On the day in question, a strange light fell from the heavens and crashed into the ocean. One of the few extant legends spoke of a capsule sent to the moon millennia ago — was this it? Were the lunar colonists sending it back? Had it never reached its destination, instead hovering in orbit for untold years? Only one person dared ask, the daughter of one of the planet's governors.

"Father, may I see?"

"I suppose so. We didn't understand it." The old man held one of the artifacts from the find, a deteriorating book in faded print. The girl opened it to a random page and recognized faint writing in the ancient alphabet. Placing their Earth-English scientific dictionary flat on its spine, she began translating.

"It speaks of global warming. Fluctuating temperatures."

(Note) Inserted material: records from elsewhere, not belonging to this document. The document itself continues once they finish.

definition cc_Zstab :: "(color \<Rightarrow> 'v \<Rightarrow> 'v) \<Rightarrow> 'v set \<Rightarrow> 'v set \<Rightarrow> bool" where
  "cc_Zstab \<sigma> V S \<longleftrightarrow> (\<exists>F. finite F \<and> F \<subseteq> dual_edges \<sigma> V \<and> S = msum (BZ \<sigma> V) F)"

text \<open>Minor complex for P = {c,c'}: edges are the dd'-edges, faces f_e are indexed by the
  cc'-edges e.\<close>
definition minor_edges :: "(color \<Rightarrow> 'v \<Rightarrow> 'v) \<Rightarrow> 'v set \<Rightarrow> color set \<Rightarrow> 'v dedge set" where
  "minor_edges \<sigma> V P = {proj \<sigma> P \<nu> | \<nu>. \<nu> \<in> V}"

definition minor_faces :: "(color \<Rightarrow> 'v \<Rightarrow> 'v) \<Rightarrow> 'v set \<Rightarrow> color set \<Rightarrow> 'v dedge set" where
  "minor_faces \<sigma> V P = {(P, orb \<sigma> (- P) \<nu>) | \<nu>. \<nu> \<in> V}"

text \<open>Boundary of f_e: the dd'-edges of the tetrahedra containing e (taken mod 2; in a
  colex these edges form a cycle, so each occurs once).\<close>
definition face_bd :: "(color \<Rightarrow> 'v \<Rightarrow> 'v) \<Rightarrow> 'v set \<Rightarrow> color set \<Rightarrow> 'v dedge \<Rightarrow> 'v dedge set" where
  "face_bd \<sigma> V P e = msum (\<lambda>\<nu>. {proj \<sigma> P \<nu>}) {\<nu> \<in> V. tet_contains \<sigma> \<nu> e}"

definition tc_Zstab :: "(color \<Rightarrow> 'v \<Rightarrow> 'v) \<Rightarrow> 'v set \<Rightarrow> color set \<Rightarrow> 'v dedge set \<Rightarrow> bool" where
  "tc_Zstab \<sigma> V P S \<longleftrightarrow>
     (\<exists>F. finite F \<and> F \<subseteq> minor_faces \<sigma> V P \<and> S = msum (face_bd \<sigma> V P) F)"

end

theory Submission
  imports Defs "HOL-Library.Z2" "HOL-Library.Indicator_Function"
begin

text \<open>Take Sbar to be the colour-code stabiliser generated by the B^Z_e for all
  cc'-edges e whose faces f_e occur in the toric-code stabilisers S_cc'. The edge boundary is
  linear over GF(2), and the edge boundary of B^Z_e is exactly the face boundary of f_e in the
  minor of the colour pair of e: for any other pair Q, a colour d in Q but not in the pair of e
  gives a fixed-point-free involution of the tetrahedra around e preserving their Q-edge, so
  the contributions of pi_Q cancel in pairs. Summing over the six minors gives
  sum E_cc' = delta E + delta Sbar.\<close>

text \<open>Mod-2 sums of sets are computed through their indicator functions with values in the
  two-element field; bit addition is kept as ring addition rather than rewritten to xor.\<close>

declare add_bit_eq_xor [simp del]

lemma bit_add_self [simp]: "(x :: bit) + x = 0"
  by (cases x) (simp_all flip: one_add_one)

lemma of_nat_bit_eq_odd: "(of_nat n :: bit) = of_bool (odd n)"
  by (induction n) (auto simp: add.commute)

lemma indicator_msum:
  "finite I \<Longrightarrow> (indicator (msum F I) a :: bit) = (\<Sum>i\<in>I. indicator (F i) a)"
  by (simp add: indicator_def msum_def of_nat_bit_eq_odd Int_def conj_commute)

lemma indicator_symdiff: "(indicator (symdiff A B) a :: bit) = indicator A a + indicator B a"
  by (auto simp: indicator_def symdiff_def)

lemma set_eq_indicator_bitI:
  assumes "\<And>a. (indicator A a :: bit) = indicator B a"
  shows "A = B"
  using assms by (auto simp: set_eq_iff indicator_def) (metis of_bool_eq_iff)+

lemma finite_symdiff: "finite A \<Longrightarrow> finite B \<Longrightarrow> finite (symdiff A B)"
  by (simp add: symdiff_def)

lemma sum_symdiff_bit:
  assumes "finite A" "finite B"
  shows "(\<Sum>x\<in>symdiff A B. f x) = (\<Sum>x\<in>A. f x) + (\<Sum>x\<in>B. f x :: bit)"
proof -
  have "(\<Sum>x\<in>A. f x) + (\<Sum>x\<in>B. f x)
      = (\<Sum>x\<in>A - B. f x) + (\<Sum>x\<in>B - A. f x) + ((\<Sum>x\<in>A \<inter> B. f x) + (\<Sum>x\<in>A \<inter> B. f x))"
    using assms by (simp add: sum.Int_Diff[of A _ B] sum.Int_Diff[of B _ A] Int_commute ac_simps)
  also have "\<dots> = (\<Sum>x\<in>symdiff A B. f x)"
    using assms by (simp add: symdiff_def sum.union_disjoint Diff_Int_distrib2)
  finally show ?thesis ..
qed

lemma finite_msum: "finite I \<Longrightarrow> (\<And>i. i \<in> I \<Longrightarrow> finite (F i)) \<Longrightarrow> finite (msum F I)"
  by (rule finite_subset[of _ "\<Union>i\<in>I. F i"]) (auto simp: msum_def card_gt_0_iff dest!: odd_pos)

lemma msum_insert:
  "finite I \<Longrightarrow> i \<notin> I \<Longrightarrow> msum F (insert i I) = symdiff (F i) (msum F I)"
  by (rule set_eq_indicator_bitI) (simp add: indicator_msum indicator_symdiff)

lemma sum_msum_bit:
  assumes "finite I" "\<And>i. i \<in> I \<Longrightarrow> finite (F i)"
  shows "(\<Sum>x\<in>msum F I. f x) = (\<Sum>i\<in>I. \<Sum>x\<in>F i. f x :: bit)"
  using assms
proof (induction I rule: finite_induct)
  case empty
  then show ?case
    by (simp add: msum_def)
next
  case (insert i I)
  then show ?case
    by (simp add: msum_insert sum_symdiff_bit finite_msum)
qed

lemma msum_cong: "(\<And>i. i \<in> I \<Longrightarrow> F i = G i) \<Longrightarrow> msum F I = msum G I"
  unfolding msum_def by (intro Collect_cong arg_cong[where f="\<lambda>S. odd (card S)"]) auto

lemma msum_eq_single:
  assumes "finite I" "i \<in> I" "\<And>j. j \<in> I \<Longrightarrow> j \<noteq> i \<Longrightarrow> F j = {}"
  shows "msum F I = F i"
proof (rule set_eq_indicator_bitI)
  fix a
  show "(indicator (msum F I) a :: bit) = indicator (F i) a"
    using assms by (simp add: indicator_msum sum.remove)
qed

lemma msum_symdiff:
  "finite I \<Longrightarrow> msum (\<lambda>i. symdiff (F i) (G i)) I = symdiff (msum F I) (msum G I)"
  by (rule set_eq_indicator_bitI) (simp add: indicator_msum indicator_symdiff sum.distrib)

lemma msum_commute:
  "finite I \<Longrightarrow> finite J \<Longrightarrow> msum (\<lambda>i. msum (F i) J) I = msum (\<lambda>j. msum (\<lambda>i. F i j) I) J"
  by (rule set_eq_indicator_bitI) (simp add: indicator_msum sum.swap[of _ I])

lemma msum_symdiff_index:
  "finite A \<Longrightarrow> finite B \<Longrightarrow> msum F (symdiff A B) = symdiff (msum F A) (msum F B)"
  by (rule set_eq_indicator_bitI)
     (simp add: indicator_msum indicator_symdiff sum_symdiff_bit finite_symdiff)

lemma msum_msum_index:
  assumes "finite I" "\<And>i. i \<in> I \<Longrightarrow> finite (G i)"
  shows "msum F (msum G I) = msum (\<lambda>i. msum F (G i)) I"
  by (rule set_eq_indicator_bitI)
     (simp add: assms indicator_msum sum_msum_bit finite_msum)

lemma msum_UNION_disjoint:
  assumes "finite I" "\<And>i. i \<in> I \<Longrightarrow> finite (A i)"
    and "\<And>i j. i \<in> I \<Longrightarrow> j \<in> I \<Longrightarrow> i \<noteq> j \<Longrightarrow> A i \<inter> A j = {}"
  shows "msum F (\<Union>i\<in>I. A i) = msum (\<lambda>i. msum F (A i)) I"
  by (rule set_eq_indicator_bitI)
     (simp add: assms indicator_msum sum.UNION_disjoint)

lemma finite_colpairs: "finite colpairs"
proof -
  have "(UNIV :: color set) = {Red, Blue, Green, Yellow}"
    using color.exhaust by blast
  then have "finite (UNIV :: color set)"
    by (metis finite.emptyI finite_insert)
  then show ?thesis
    by (metis Pow_UNIV finite_Pow_iff finite_subset subset_UNIV)
qed

lemma orb_trans: "w \<in> orb \<sigma> C u \<Longrightarrow> u \<in> orb \<sigma> C v \<Longrightarrow> w \<in> orb \<sigma> C v"
  by (induction rule: orb.induct) (auto intro: orb.orb_step)

lemma orb_involution_eq:
  assumes "x \<in> C" "\<sigma> x (\<sigma> x v) = v"
  shows "orb \<sigma> C (\<sigma> x v) = orb \<sigma> C v"
proof -
  have "\<sigma> x v \<in> orb \<sigma> C v" "v \<in> orb \<sigma> C (\<sigma> x v)"
    using orb.orb_step[OF orb.orb_refl assms(1), of \<sigma>] assms(2) by (metis, metis)
  then show ?thesis
    by (auto intro: orb_trans)
qed

lemma minor_faces_eq:
  "P \<in> colpairs \<Longrightarrow> minor_faces \<sigma> V P = {e \<in> dual_edges \<sigma> V. fst e = P}"
  by (auto simp: minor_faces_def dual_edges_def)

lemma finite_BZ: "colex3 V \<sigma> \<Longrightarrow> finite (BZ \<sigma> V e)"
  by (simp add: colex3_def BZ_def)

lemma pi_op_BZ_eq_empty:
  assumes col: "colex3 V \<sigma>" and e: "e \<in> dual_edges \<sigma> V"
    and Q: "Q \<in> colpairs" "Q \<noteq> fst e"
  shows "pi_op \<sigma> Q (BZ \<sigma> V e) = {}"
proof -
  obtain P \<nu>\<^sub>0 where P: "P \<in> colpairs" and e_eq: "e = (P, orb \<sigma> (- P) \<nu>\<^sub>0)"
    using e by (auto simp: dual_edges_def)
  obtain d where d: "d \<in> Q" "d \<notin> P"
    using P Q e_eq unfolding colpairs_def by (auto simp: doubleton_eq_iff)
  have swap: "\<sigma> d \<nu> \<in> BZ \<sigma> V e \<and> \<sigma> d (\<sigma> d \<nu>) = \<nu> \<and> \<sigma> d \<nu> \<noteq> \<nu> \<and> proj \<sigma> Q (\<sigma> d \<nu>) = proj \<sigma> Q \<nu>"
    if \<nu>: "\<nu> \<in> BZ \<sigma> V e" for \<nu>
  proof -
    have inv: "\<sigma> d (\<sigma> d \<nu>) = \<nu>" "\<sigma> d \<nu> \<noteq> \<nu>" "\<sigma> d \<nu> \<in> V"
      using col \<nu> by (auto simp: colex3_def BZ_def)
    moreover have "orb \<sigma> (- P) (\<sigma> d \<nu>) = orb \<sigma> (- P) \<nu>" "orb \<sigma> Q (\<sigma> d \<nu>) = orb \<sigma> Q \<nu>"
      using d inv by (simp_all add: orb_involution_eq)
    ultimately show ?thesis
      using \<nu> by (simp add: BZ_def tet_contains_def proj_def e_eq)
  qed
  have "(indicator (pi_op \<sigma> Q (BZ \<sigma> V e)) a :: bit) = 0" for a
  proof -
    have "(indicator (pi_op \<sigma> Q (BZ \<sigma> V e)) a :: bit) = (\<Sum>\<nu>\<in>BZ \<sigma> V e. indicator {proj \<sigma> Q \<nu>} a)"
      by (simp add: pi_op_def indicator_msum finite_BZ[OF col])
    also have "\<dots> = 0"
      by (rule sum_involution_eq_0[where h = "\<sigma> d"]) (simp_all add: swap)
    finally show ?thesis .
  qed
  then show ?thesis
    by (auto simp: indicator_def)
qed

lemma edge_bd_BZ:
  assumes "colex3 V \<sigma>" "e \<in> dual_edges \<sigma> V"
  shows "edge_bd \<sigma> (BZ \<sigma> V e) = face_bd \<sigma> V (fst e) e"
proof -
  have "fst e \<in> colpairs"
    using assms(2) by (auto simp: dual_edges_def)
  then have "edge_bd \<sigma> (BZ \<sigma> V e) = pi_op \<sigma> (fst e) (BZ \<sigma> V e)"
    unfolding edge_bd_def
    by (rule msum_eq_single[OF finite_colpairs]) (use assms pi_op_BZ_eq_empty in blast)+
  then show ?thesis
    by (simp add: face_bd_def pi_op_def BZ_def)
qed

lemma pi_op_symdiff:
  "finite A \<Longrightarrow> finite B \<Longrightarrow> pi_op \<sigma> P (symdiff A B) = symdiff (pi_op \<sigma> P A) (pi_op \<sigma> P B)"
  unfolding pi_op_def by (rule msum_symdiff_index)

lemma edge_bd_symdiff:
  assumes "finite A" "finite B"
  shows "edge_bd \<sigma> (symdiff A B) = symdiff (edge_bd \<sigma> A) (edge_bd \<sigma> B)"
  unfolding edge_bd_def pi_op_symdiff[OF assms] by (rule msum_symdiff[OF finite_colpairs])

lemma pi_op_msum:
  "finite I \<Longrightarrow> (\<And>i. i \<in> I \<Longrightarrow> finite (G i)) \<Longrightarrow>
    pi_op \<sigma> P (msum G I) = msum (\<lambda>i. pi_op \<sigma> P (G i)) I"
  unfolding pi_op_def by (rule msum_msum_index)

lemma edge_bd_msum:
  assumes "finite I" "\<And>i. i \<in> I \<Longrightarrow> finite (G i)"
  shows "edge_bd \<sigma> (msum G I) = msum (\<lambda>i. edge_bd \<sigma> (G i)) I"
proof -
  have "edge_bd \<sigma> (msum G I) = msum (\<lambda>P. msum (\<lambda>i. pi_op \<sigma> P (G i)) I) colpairs"
    unfolding edge_bd_def using assms by (simp add: pi_op_msum)
  then show ?thesis
    unfolding edge_bd_def by (simp add: msum_commute[OF finite_colpairs assms(1)])
qed

lemma edge_bd_cc_Zstab:
  assumes "colex3 V \<sigma>" "finite F" "F \<subseteq> dual_edges \<sigma> V"
  shows "edge_bd \<sigma> (msum (BZ \<sigma> V) F) = msum (\<lambda>e. face_bd \<sigma> V (fst e) e) F"
proof -
  have "edge_bd \<sigma> (msum (BZ \<sigma> V) F) = msum (\<lambda>e. edge_bd \<sigma> (BZ \<sigma> V e)) F"
    using assms by (intro edge_bd_msum finite_BZ)
  also have "\<dots> = msum (\<lambda>e. face_bd \<sigma> V (fst e) e) F"
    using assms by (intro msum_cong edge_bd_BZ) auto
  finally show ?thesis .
qed

theorem theorem4:
  fixes V :: "'v set" and \<sigma> :: "color \<Rightarrow> 'v \<Rightarrow> 'v" and \<Omega> :: "'v set"
    and Es :: "color set \<Rightarrow> 'v dedge set"
  assumes "colex3 V \<sigma>"
    and "\<Omega> \<subseteq> V"
    and "\<forall>P\<in>colpairs. Es P \<subseteq> minor_edges \<sigma> V P \<and>
           (\<exists>S. tc_Zstab \<sigma> V P S \<and> Es P = symdiff (pi_op \<sigma> P \<Omega>) S)"
  shows "\<exists>Sbar. cc_Zstab \<sigma> V Sbar \<and> msum Es colpairs = edge_bd \<sigma> (symdiff \<Omega> Sbar)"
proof -
  obtain F where F: "\<And>P. P \<in> colpairs \<Longrightarrow> finite (F P) \<and> F P \<subseteq> minor_faces \<sigma> V P \<and>
      Es P = symdiff (pi_op \<sigma> P \<Omega>) (msum (face_bd \<sigma> V P) (F P))"
    using assms(3) unfolding tc_Zstab_def by metis
  then have F_fst: "fst e = P" if "P \<in> colpairs" "e \<in> F P" for P e
    using that by (auto simp: minor_faces_eq)
  define U where "U = (\<Union>P\<in>colpairs. F P)"
  have U: "finite U" "U \<subseteq> dual_edges \<sigma> V"
    using F finite_colpairs by (auto simp: U_def minor_faces_eq)
  have fin_\<Omega>: "finite \<Omega>"
    using assms(1,2) finite_subset by (auto simp: colex3_def)
  have "msum Es colpairs = msum (\<lambda>P. symdiff (pi_op \<sigma> P \<Omega>) (msum (face_bd \<sigma> V P) (F P))) colpairs"
    using F by (intro msum_cong) blast
  also have "\<dots> = symdiff (edge_bd \<sigma> \<Omega>) (msum (\<lambda>P. msum (face_bd \<sigma> V P) (F P)) colpairs)"
    unfolding edge_bd_def by (rule msum_symdiff[OF finite_colpairs])
  also have "msum (\<lambda>P. msum (face_bd \<sigma> V P) (F P)) colpairs
      = msum (\<lambda>P. msum (\<lambda>e. face_bd \<sigma> V (fst e) e) (F P)) colpairs"
    using F_fst by (intro msum_cong) simp
  also have "\<dots> = msum (\<lambda>e. face_bd \<sigma> V (fst e) e) U"
    unfolding U_def
    by (rule msum_UNION_disjoint[OF finite_colpairs, symmetric]) (use F F_fst in blast)+
  also have "\<dots> = edge_bd \<sigma> (msum (BZ \<sigma> V) U)"
    using assms(1) U by (rule edge_bd_cc_Zstab[symmetric])
  also have "symdiff (edge_bd \<sigma> \<Omega>) \<dots> = edge_bd \<sigma> (symdiff \<Omega> (msum (BZ \<sigma> V) U))"
    using assms(1) U fin_\<Omega> by (simp add: edge_bd_symdiff finite_msum finite_BZ)
  finally show ?thesis
    using U unfolding cc_Zstab_def by blast
qed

"Ah," exclaimed her father. "Even back then they had that problem."

* * * * * * * * * * * * * * * * * * * * *

Why did the report haunt her so? She had no answer. Slowly she read it aloud, guessing at the pronunciations. The first eight lines she mostly understood — "thee" wasn't in her dictionary. Was it another season, like "summer"? Was "thou"? Then the ninth stumped her completely:

But thy eternal summer shall not fade,

BrevityQuest11 (299 words)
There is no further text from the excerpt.